Spiegare tutto è terrificante, sia musicalmente che intellettivamente. Tra di noi siamo molto diversi, e se i testi appaiono criptici deriva proprio da questa diversità. Ci confrontiamo continuamente su tutto e diamo sempre un’interpretazione variegata della vita. Per esempio Andrea (batterista) ha dato il titolo all’album pur non avendo scritto le canzoni. È stato un po’ l’analista del gruppo: ha guardato dall’esterno e si è accorto che ogni singola canzone aveva un collegamento. Lo si può definire un concept album, ma per coincidenze dettate da un inconscio.
Un po’ metal, un po’ progressive, un po’ elettronico, definitevi musicalmente:
Siamo un pot-pourri musicale. Abbiamo optato per un missaggio analogico, quindi, quasi tutte le tracce hanno un suono simile. Siamo un gruppo elettronico dove l’elettronica non fa da padrona. Abbiamo scelto anche dinamiche diverse nella registrazione della voce che si amalgama al suono. Veniamo criticati spesso per questa scelta che ha generato un po’ di incomprensioni dei testi. Ma noi abbiamo una visione esterofila anche su questo. In Italia c’è la tradizione del bel canto, dove la voce è ciò che spicca su tutto… ecco noi abbiamo deciso di fare l’esatto contrario.
Vi definiscono cinematici, ovvero?
Tutto nasce da questo nome. La nostra carriera da musicisti si ispira allo stile registico di Kubrick, che si svolge su vari livelli. I nostri testi e la nostra musica viaggiano su questi livelli che si incastrano e si fondono. In più abbiamo sempre amato il mondo delle colonne sonore… io (Dario) da bambino ascoltavo i Goblin e sognavo di comporre colonne sonore.

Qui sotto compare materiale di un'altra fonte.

(* Consider a link of constant bit rate $c>0$ shared by several FIFO queues under non-preemptive strict priority scheduling, and consider the highest-priority queue, whose input flow consists of packets of positive length. Let $l^{M_l}$ denote the maximum packet length of all lower-priority queues. Then $\beta(t)=c\left(t-\frac{l^{M_l}}{c}\right)^{+}$ is neither a strict service curve nor a service curve for the highest-priority queue; that is, there exist traffic patterns for which the strict service curve inequality fails and traffic patterns and times $t\ge0$ with $A^{*}(t)<\inf_{0\le s\le t}\{A(s)+\beta(t-s)\}$, where $A,A^{*}$ are the cumulative input and output of the highest-priority queue.
   Context: $(x)^{+}=\max\{x,0\}$. Non-preemptive strict priority: whenever the link is free, it starts transmitting the head packet of the highest-priority nonempty queue; a packet in transmission is never interrupted. Packets have arrival times $a(n)$, departure times $d(n)$ and lengths $l(n)>0$ bits. By convention, a packet is said to have arrived (respectively, been served) when and only when its last bit has arrived (respectively, departed). $A(t)$ is the cumulative amount of traffic (sum of packet lengths) of the highest-priority flow that has arrived in $[0,t)$ and $A^{*}(t)$ the amount that has been served in $[0,t)$; $A(0)=A^{*}(0)=0$, $A(s,t)=A(t)-A(s)$, $A^{*}(s,t)=A^{*}(t)-A^{*}(s)$. Queues have infinite buffers and are initially empty. With $\mathcal{F}_0$ the set of nonnegative nondecreasing functions vanishing at $0$, $\beta\in\mathcal{F}_0$ is a service curve if $A^{*}(t)\ge\inf_{0\le s\le t}\{A(s)+\beta(t-s)\}$ for all $t\ge0$, and a strict service curve if for every backlogged period $(s,t]$ of the queue, $A^{*}(s,t)\ge\beta(t-s)$. *)

theory Defs
  imports Complex_Main
begin

text \<open>
A finite packet trace on a link of constant rate c: packets are indexed by i < N.
Packet i belongs to queue q i (priority class; 0 = highest priority, larger = lower),
its last bit arrives at a i, it has length l i > 0 (bits), its transmission starts at
b i and it departs (last bit leaves) at  b i + l i / c.
\<close>

definition dep :: "real \<Rightarrow> (nat \<Rightarrow> real) \<Rightarrow> (nat \<Rightarrow> real) \<Rightarrow> nat \<Rightarrow> real" where
  "dep c l b i = b i + l i / c"

definition npsp_valid ::
  "real \<Rightarrow> nat \<Rightarrow> (nat \<Rightarrow> nat) \<Rightarrow> (nat \<Rightarrow> real) \<Rightarrow> (nat \<Rightarrow> real) \<Rightarrow> (nat \<Rightarrow> real) \<Rightarrow> bool" where
  "npsp_valid c N q a l b \<longleftrightarrow>
     0 < c \<and>
     (\<forall>i<N. 0 \<le> a i \<and> a i \<le> b i \<and> 0 < l i) \<and>
     \<comment> \<open>one packet at a time, never interrupted\<close>
     (\<forall>i<N. \<forall>j<N. i \<noteq> j \<longrightarrow> dep c l b i \<le> b j \<or> dep c l b j \<le> b i) \<and>
     \<comment> \<open>work conserving: the link is busy whenever some arrived packet waits\<close>
     (\<forall>t. (\<exists>i<N. a i \<le> t \<and> t < b i) \<longrightarrow> (\<exists>j<N. b j \<le> t \<and> t < dep c l b j)) \<and>
     \<comment> \<open>strict priority: a higher-priority packet present when a transmission starts goes first\<close>
     (\<forall>i<N. \<forall>j<N. q i < q j \<and> a i \<le> b j \<longrightarrow> b i < b j) \<and>
     \<comment> \<open>FIFO inside each queue\<close>
     (\<forall>i<N. \<forall>j<N. q i = q j \<and> a i < a j \<longrightarrow> b i < b j)"

definition arr0 :: "nat \<Rightarrow> (nat \<Rightarrow> nat) \<Rightarrow> (nat \<Rightarrow> real) \<Rightarrow> (nat \<Rightarrow> real) \<Rightarrow> real \<Rightarrow> real" where
  "arr0 N q a l t = (\<Sum>i\<in>{i. i < N \<and> q i = 0 \<and> a i < t}. l i)"

definition dep0 :: "real \<Rightarrow> nat \<Rightarrow> (nat \<Rightarrow> nat) \<Rightarrow> (nat \<Rightarrow> real) \<Rightarrow> (nat \<Rightarrow> real) \<Rightarrow> real \<Rightarrow> real" where
  "dep0 c N q l b t = (\<Sum>i\<in>{i. i < N \<and> q i = 0 \<and> dep c l b i < t}. l i)"

text \<open>Maximum packet length over all lower-priority queues (assumed nonempty).\<close>
definition low_max_len :: "nat \<Rightarrow> (nat \<Rightarrow> nat) \<Rightarrow> (nat \<Rightarrow> real) \<Rightarrow> real" where
  "low_max_len N q l = Max (l ` {i. i < N \<and> 0 < q i})"

definition beta_np :: "real \<Rightarrow> real \<Rightarrow> real \<Rightarrow> real" where
  "beta_np c lM t = c * max (t - lM / c) 0"

definition strict_service_curve :: "(real \<Rightarrow> real) \<Rightarrow> (real \<Rightarrow> real) \<Rightarrow> (real \<Rightarrow> real) \<Rightarrow> bool" where
  "strict_service_curve A As \<beta> \<longleftrightarrow>
     (\<forall>s t. 0 \<le> s \<and> s < t \<and> (\<forall>u. s < u \<and> u \<le> t \<longrightarrow> As u < A u)
        \<longrightarrow> \<beta> (t - s) \<le> As t - As s)"

definition service_curve :: "(real \<Rightarrow> real) \<Rightarrow> (real \<Rightarrow> real) \<Rightarrow> (real \<Rightarrow> real) \<Rightarrow> bool" where
  "service_curve A As \<beta> \<longleftrightarrow>
     (\<forall>t\<ge>0. Inf ((\<lambda>s. A s + \<beta> (t - s)) ` {0..t}) \<le> As t)"

end

theory Submission
  imports Defs
begin

text \<open>
  A highest-priority packet that arrives while a lower-priority packet of maximal length
  l is on the link has to wait for the rest of that transmission and then for its own;
  only when its last bit has left is it counted in A*. Take two packets of length l: the
  lower-priority one is sent on [0, l/c], the highest-priority one arrives at l/(2c) and is
  sent on [l/c, 2l/c]. The queue is backlogged on (l/(2c), 2l/c] with A* = 0 there,
  whereas \<beta> grows to l/2 over that interval and A + \<beta>(2l/c - \<cdot>) never drops below l/2.
\<close>

lemma arr0_eq_sum: "arr0 N q a l t = (\<Sum>i<N. if q i = 0 \<and> a i < t then l i else 0)"
proof -
  have "{i. i < N \<and> q i = 0 \<and> a i < t} = {i \<in> {..<N}. q i = 0 \<and> a i < t}" by auto
  then show ?thesis unfolding arr0_def by (simp only: sum.inter_filter finite_lessThan)
qed

lemma dep0_eq_sum: "dep0 c N q l b t = (\<Sum>i<N. if q i = 0 \<and> dep c l b i < t then l i else 0)"
proof -
  have "{i. i < N \<and> q i = 0 \<and> dep c l b i < t} = {i \<in> {..<N}. q i = 0 \<and> dep c l b i < t}"
    by auto
  then show ?thesis unfolding dep0_def by (simp only: sum.inter_filter finite_lessThan)
qed

lemma beta_np_nonneg: "0 \<le> c \<Longrightarrow> 0 \<le> beta_np c lM t"
  by (simp add: beta_np_def)

lemma beta_np_eq:
  assumes "0 < c" and "lM / c \<le> t"
  shows "beta_np c lM t = c * t - lM"
  using assms by (simp add: beta_np_def max_def right_diff_distrib)

lemma not_strict_service_curveI:
  assumes "0 \<le> s" "s < t" "\<And>u. s < u \<Longrightarrow> u \<le> t \<Longrightarrow> As u < A u"
    and "As t - As s < \<beta> (t - s)"
  shows "\<not> strict_service_curve A As \<beta>"
  using assms unfolding strict_service_curve_def by force

lemma less_Inf_service_bound:
  fixes A \<beta> :: "real \<Rightarrow> real"
  assumes "0 \<le> t" "y < m" "\<And>s. 0 \<le> s \<Longrightarrow> s \<le> t \<Longrightarrow> m \<le> A s + \<beta> (t - s)"
  shows "y < Inf ((\<lambda>s. A s + \<beta> (t - s)) ` {0..t})"
proof -
  have "m \<le> Inf ((\<lambda>s. A s + \<beta> (t - s)) ` {0..t})"
    using assms by (intro cInf_greatest) auto
  then show ?thesis using \<open>y < m\<close> by linarith
qed

definition witness_queue :: "nat \<Rightarrow> nat" where
  "witness_queue i = (if i = 0 then 0 else 1)"

definition witness_arrival :: "real \<Rightarrow> real \<Rightarrow> nat \<Rightarrow> real" where
  "witness_arrival c lM i = (if i = 0 then lM / (2 * c) else 0)"

definition witness_length :: "real \<Rightarrow> nat \<Rightarrow> real" where
  "witness_length lM i = lM"

definition witness_start :: "real \<Rightarrow> real \<Rightarrow> nat \<Rightarrow> real" where
  "witness_start c lM i = (if i = 0 then lM / c else 0)"

abbreviation witness_arr0 :: "real \<Rightarrow> real \<Rightarrow> real \<Rightarrow> real" where
  "witness_arr0 c lM \<equiv> arr0 2 witness_queue (witness_arrival c lM) (witness_length lM)"

abbreviation witness_dep0 :: "real \<Rightarrow> real \<Rightarrow> real \<Rightarrow> real" where
  "witness_dep0 c lM \<equiv> dep0 c 2 witness_queue (witness_length lM) (witness_start c lM)"

lemma witness_dep:
  "dep c (witness_length lM) (witness_start c lM) i = (if i = 0 then 2 * (lM / c) else lM / c)"
  by (simp add: dep_def witness_length_def witness_start_def)

lemma witness_arr0_eq: "witness_arr0 c lM t = (if lM / (2 * c) < t then lM else 0)"
  by (simp add: arr0_eq_sum numeral_2_eq_2 witness_queue_def witness_arrival_def
      witness_length_def)

lemma witness_dep0_eq: "witness_dep0 c lM t = (if 2 * (lM / c) < t then lM else 0)"
  by (simp add: dep0_eq_sum numeral_2_eq_2 witness_queue_def witness_dep witness_length_def)

lemma witness_low_max_len: "low_max_len 2 witness_queue (witness_length lM) = lM"
proof -
  have "{i. i < 2 \<and> 0 < witness_queue i} = {1}"
    by (auto simp: witness_queue_def less_2_cases_iff)
  then show ?thesis by (simp add: low_max_len_def witness_length_def)
qed

lemma witness_npsp_valid:
  assumes "0 < c" "0 < lM"
  shows "npsp_valid c 2 witness_queue (witness_arrival c lM) (witness_length lM) (witness_start c lM)"
proof -
  have half: "0 < lM / (2 * c)" "lM / (2 * c) < lM / c"
    using assms by (auto simp: divide_strict_left_mono)
  have work_conserving: "\<exists>j<2. witness_start c lM j \<le> t
      \<and> t < dep c (witness_length lM) (witness_start c lM) j"
    if "\<exists>i<2. witness_arrival c lM i \<le> t \<and> t < witness_start c lM i" for t
  proof -
    from that have "0 \<le> t" "t < lM / c"
      using half by (auto simp: less_2_cases_iff witness_arrival_def witness_start_def)
    then show ?thesis
      by (intro exI[of _ 1]) (simp add: witness_start_def witness_dep)
  qed
  show ?thesis
    unfolding npsp_valid_def
    using assms half work_conserving
    by (auto simp: less_2_cases_iff witness_queue_def witness_arrival_def witness_length_def
        witness_start_def witness_dep)
qed

lemma witness_not_strict_service_curve:
  assumes "0 < c" "0 < lM"
  shows "\<not> strict_service_curve (witness_arr0 c lM) (witness_dep0 c lM) (beta_np c lM)"
proof (rule not_strict_service_curveI)
  show "0 \<le> lM / (2 * c)" "lM / (2 * c) < 2 * (lM / c)"
    using assms by (auto simp: field_simps)
  show "witness_dep0 c lM u < witness_arr0 c lM u"
    if "lM / (2 * c) < u" "u \<le> 2 * (lM / c)" for u
    using that assms by (simp add: witness_arr0_eq witness_dep0_eq)
  have "beta_np c lM (2 * (lM / c) - lM / (2 * c)) = lM / 2"
    using assms by (subst beta_np_eq) (auto simp: field_simps)
  then show "witness_dep0 c lM (2 * (lM / c)) - witness_dep0 c lM (lM / (2 * c))
      < beta_np c lM (2 * (lM / c) - lM / (2 * c))"
    using assms by (simp add: witness_dep0_eq)
qed

lemma witness_service_bound:
  assumes "0 < c" "0 \<le> lM" "0 \<le> s" "s \<le> 2 * (lM / c)"
  shows "lM / 2 \<le> witness_arr0 c lM s + beta_np c lM (2 * (lM / c) - s)"
proof (cases "lM / (2 * c) < s")
  case True
  then show ?thesis using assms beta_np_nonneg[of c lM] by (simp add: witness_arr0_eq)
next
  case False
  then have "lM / c \<le> 2 * (lM / c) - s" "lM / 2 \<le> c * (2 * (lM / c) - s) - lM"
    using assms by (auto simp: field_simps)
  then show ?thesis using False assms by (simp add: witness_arr0_eq beta_np_eq)
qed

theorem proposition3:
  fixes c lM :: real
  assumes "0 < c" and "0 < lM"
  shows "(\<exists>N q a l b. npsp_valid c N q a l b \<and> (\<exists>i<N. 0 < q i) \<and> low_max_len N q l = lM \<and>
            \<not> strict_service_curve (arr0 N q a l) (dep0 c N q l b) (beta_np c lM))
       \<and> (\<exists>N q a l b. npsp_valid c N q a l b \<and> (\<exists>i<N. 0 < q i) \<and> low_max_len N q l = lM \<and>
            (\<exists>t\<ge>0. dep0 c N q l b t
                     < Inf ((\<lambda>s. arr0 N q a l s + beta_np c lM (t - s)) ` {0..t})))"
proof -
  let ?t = "2 * (lM / c)"
  have witness: "npsp_valid c 2 witness_queue (witness_arrival c lM) (witness_length lM)
      (witness_start c lM) \<and> (\<exists>i<2. 0 < witness_queue i)
      \<and> low_max_len 2 witness_queue (witness_length lM) = lM"
    using assms witness_npsp_valid witness_low_max_len by (auto simp: witness_queue_def)
  have "0 \<le> ?t" using assms by simp
  moreover have "witness_dep0 c lM ?t
      < Inf ((\<lambda>s. witness_arr0 c lM s + beta_np c lM (?t - s)) ` {0..?t})"
    using \<open>0 \<le> ?t\<close> assms witness_service_bound
    by (intro less_Inf_service_bound[where m = "lM / 2"]) (auto simp: witness_dep0_eq)
  ultimately show ?thesis
    using witness witness_not_strict_service_curve[OF assms] by blast
qed

end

Che compromessi accettereste per la musica?
Per quanto riguarda i compromessi direi che fino ad ora non si è mai presentata l’occasione, da una parte questo come band può dire tre cose: o che nessuno ti considera o che non ce n’è bisogno, o se ne hai bisogno significa che quello che farai servirà a farti avere una visibilità
maggiore. Nel nostro caso abbiamo trovato un’etichetta che ha supportato il nostro lavoro al 100% e ci lascia piena libertà artistica. Il discorso dei talent, in cui uno potrebbe intravedere un compromesso, in verità abbraccia una problematica piu ampia e controversa. Diciamo che alla base c’è una grossa crisi del mercato discografico per quanto riguarda le nuove proposte, tanto che talent del calibro di XFactor stanno spingendo sui gruppi proprio perché si sono accorti che alcune nuove proposte hanno il fiato corto. Questo da una parte potrebbe offrire a tante band la possibilità di passare ad un circuito con più visibilità, cosa a cui tutti aspirano, ma di contro la televisione spaghettizza qualsiasi cosa come se fosse un’enorme buco nero e quindi ecco l’incognita. Che dire, le proposte vanno valutate nella propria interezza e nel contesto giusto, per oggi siamo contenti che sia uscito il disco e nel futuro vedremo se si presenterà l’occasione o l’imprevisto a seconda dei casi.
Concluderei chiedendovi i vostri cinque dischi preferiti… ma siccome vi trovate a vostro agio con toni pessimistici, riformulo e vi chiedo: quali sono i cinque dischi che salvereste dall’apocalisse?
Dario: Aenema – Tool, Lateralus – Tool, Tarkus – Emerson Lake and Palmer, Selling England By The Pound – Genesis, Homogenic-Bjork.
Andrea: Deloused in Comatorium – The Mars Volta, Lateralus – Tool, Make a Jazz Noise Here – Frank Zappa, Storia di un impiegato – Fabrizio De Andrè, Dummy – Portishead.
Gianluca: Disintegration – The Cure, Mellon Collie and the Infinite Sadness – The Smashing Pumpkins, Rust in peace – Megadeth, Songs of Faith and Devotion – Depeche Mode, Ok Computer – Radiohead.